DIRECTIONS FOR THIS TASK >> Please set the lines down again exactly, from the top of the entries through the line that contains "Context: $r_d$ denotes".

Stored items:
(* Let $d\geq 1$ and let $G=(V,E)$ be a graph. Suppose that $E=E_1\cup E_2$ is a partition of $E$ into non-empty subsets with $r_d(E)=r_d(E_1)+r_d(E_2)$, and let $G_1,G_2$ be the subgraphs induced by $E_1,E_2$. Then $M_{d,G}=M_{d,G_1}\times M_{d,G_2}$ under the identification $\mathbb{C}^E=\mathbb{C}^{E_1}\times\mathbb{C}^{E_2}$.
   Context: $r_d$ denotes the rank function of the $d$-dimensional generic rigidity matroid on edge sets (the rank of the rows of the rigidity matrix $R(G,p)$ indexed by those edges, for generic $p$; the row of $uv$ has $p(u)-p(v)$ in the columns of $u$, $p(v)-p(u)$ in those of $v$). For a graph $G=(V,E)$ on $n$ vertices, the measurement map $m_{d,G}:\mathbb{C}^{nd}\to\mathbb{C}^E$ sends $p$ to $(\sum_{k=1}^d(p(u)_k-p(v)_k)^2)_{uv\in E}$, and the measurement variety $M_{d,G}$ is the Zariski closure of $m_{d,G}(\mathbb{C}^{nd})$ in $\mathbb{C}^E$. The subgraph induced by an edge set consists of those edges and their end-vertices. *)

theory Defs
  imports "HOL-Analysis.Analysis"
begin

(* Graphs: vertex set V :: 'v set, edge set E :: 'v set set of 2-element subsets of V.
   Configurations in dimension d: p :: 'v => nat => _, coordinate k < d of vertex v is p v k. *)

definition ends :: "'v set \<Rightarrow> 'v \<times> 'v" where
  "ends e = (SOME (u, v). u \<noteq> v \<and> e = {u, v})"

(* Row of the rigidity matrix R(G,p) indexed by the edge e = uv; columns are indexed by
   pairs (w,k), w a vertex, k < d a coordinate. *)
definition rig_row :: "nat \<Rightarrow> ('v \<Rightarrow> nat \<Rightarrow> real) \<Rightarrow> 'v set \<Rightarrow> ('v \<times> nat \<Rightarrow> real)" where
  "rig_row d p e = (\<lambda>(w, k). if k < d then
      (case ends e of (u, v) \<Rightarrow>
         if w = u then p u k - p v k else if w = v then p v k - p u k else 0)
     else 0)"

definition rows_indep :: "nat \<Rightarrow> ('v \<Rightarrow> nat \<Rightarrow> real) \<Rightarrow> 'v set set \<Rightarrow> bool" where
  "rows_indep d p F \<longleftrightarrow>
     (\<forall>c :: 'v set \<Rightarrow> real. (\<lambda>x. \<Sum>e\<in>F. c e * rig_row d p e x) = (\<lambda>_. 0) \<longrightarrow> (\<forall>e\<in>F. c e = 0))"

definition rows_rank :: "nat \<Rightarrow> ('v \<Rightarrow> nat \<Rightarrow> real) \<Rightarrow> 'v set set \<Rightarrow> nat" where
  "rows_rank d p F = Max {card F' | F'. F' \<subseteq> F \<and> rows_indep d p F'}"

(* generic rank r_d(F): the rank attained at a generic configuration, i.e. the maximum
   of the rank over all (real) configurations *)
definition rig_rank :: "nat \<Rightarrow> 'v set set \<Rightarrow> nat" where
  "rig_rank d F = Max {rows_rank d p F | p. True}"

inductive_set polyfun :: "'i set \<Rightarrow> (('i \<Rightarrow> complex) \<Rightarrow> complex) set" for X where
  pf_const: "(\<lambda>_. c) \<in> polyfun X"
| pf_var: "i \<in> X \<Longrightarrow> (\<lambda>x. x i) \<in> polyfun X"
| pf_add: "f \<in> polyfun X \<Longrightarrow> g \<in> polyfun X \<Longrightarrow> (\<lambda>x. f x + g x) \<in> polyfun X"
| pf_mult: "f \<in> polyfun X \<Longrightarrow> g \<in> polyfun X \<Longrightarrow> (\<lambda>x. f x * g x) \<in> polyfun X"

ANSWER BOX >>
(* Let $d\geq 1$ and let $G=(V,E)$ be a graph. Suppose that $E=E_1\cup E_2$ is a partition of $E$ into non-empty subsets with $r_d(E)=r_d(E_1)+r_d(E_2)$, and let $G_1,G_2$ be the subgraphs induced by $E_1,E_2$. Then $M_{d,G}=M_{d,G_1}\times M_{d,G_2}$ under the identification $\mathbb{C}^E=\mathbb{C}^{E_1}\times\mathbb{C}^{E_2}$.
   Context: $r_d$ denotes the rank function of the $d$-dimensional generic rigidity matroid on edge sets (the rank of the rows of the rigidity matrix $R(G,p)$ indexed by those edges, for generic $p$; the row of $uv$ has $p(u)-p(v)$ in the columns of $u$, $p(v)-p(u)$ in those of $v$). For a graph $G=(V,E)$ on $n$ vertices, the measurement map $m_{d,G}:\mathbb{C}^{nd}\to\mathbb{C}^E$ sends $p$ to $(\sum_{k=1}^d(p(u)_k-p(v)_k)^2)_{uv\in E}$, and the measurement variety $M_{d,G}$ is the Zariski closure of $m_{d,G}(\mathbb{C}^{nd})$ in $\mathbb{C}^E$. The subgraph induced by an edge set consists of those edges and their end-vertices. *)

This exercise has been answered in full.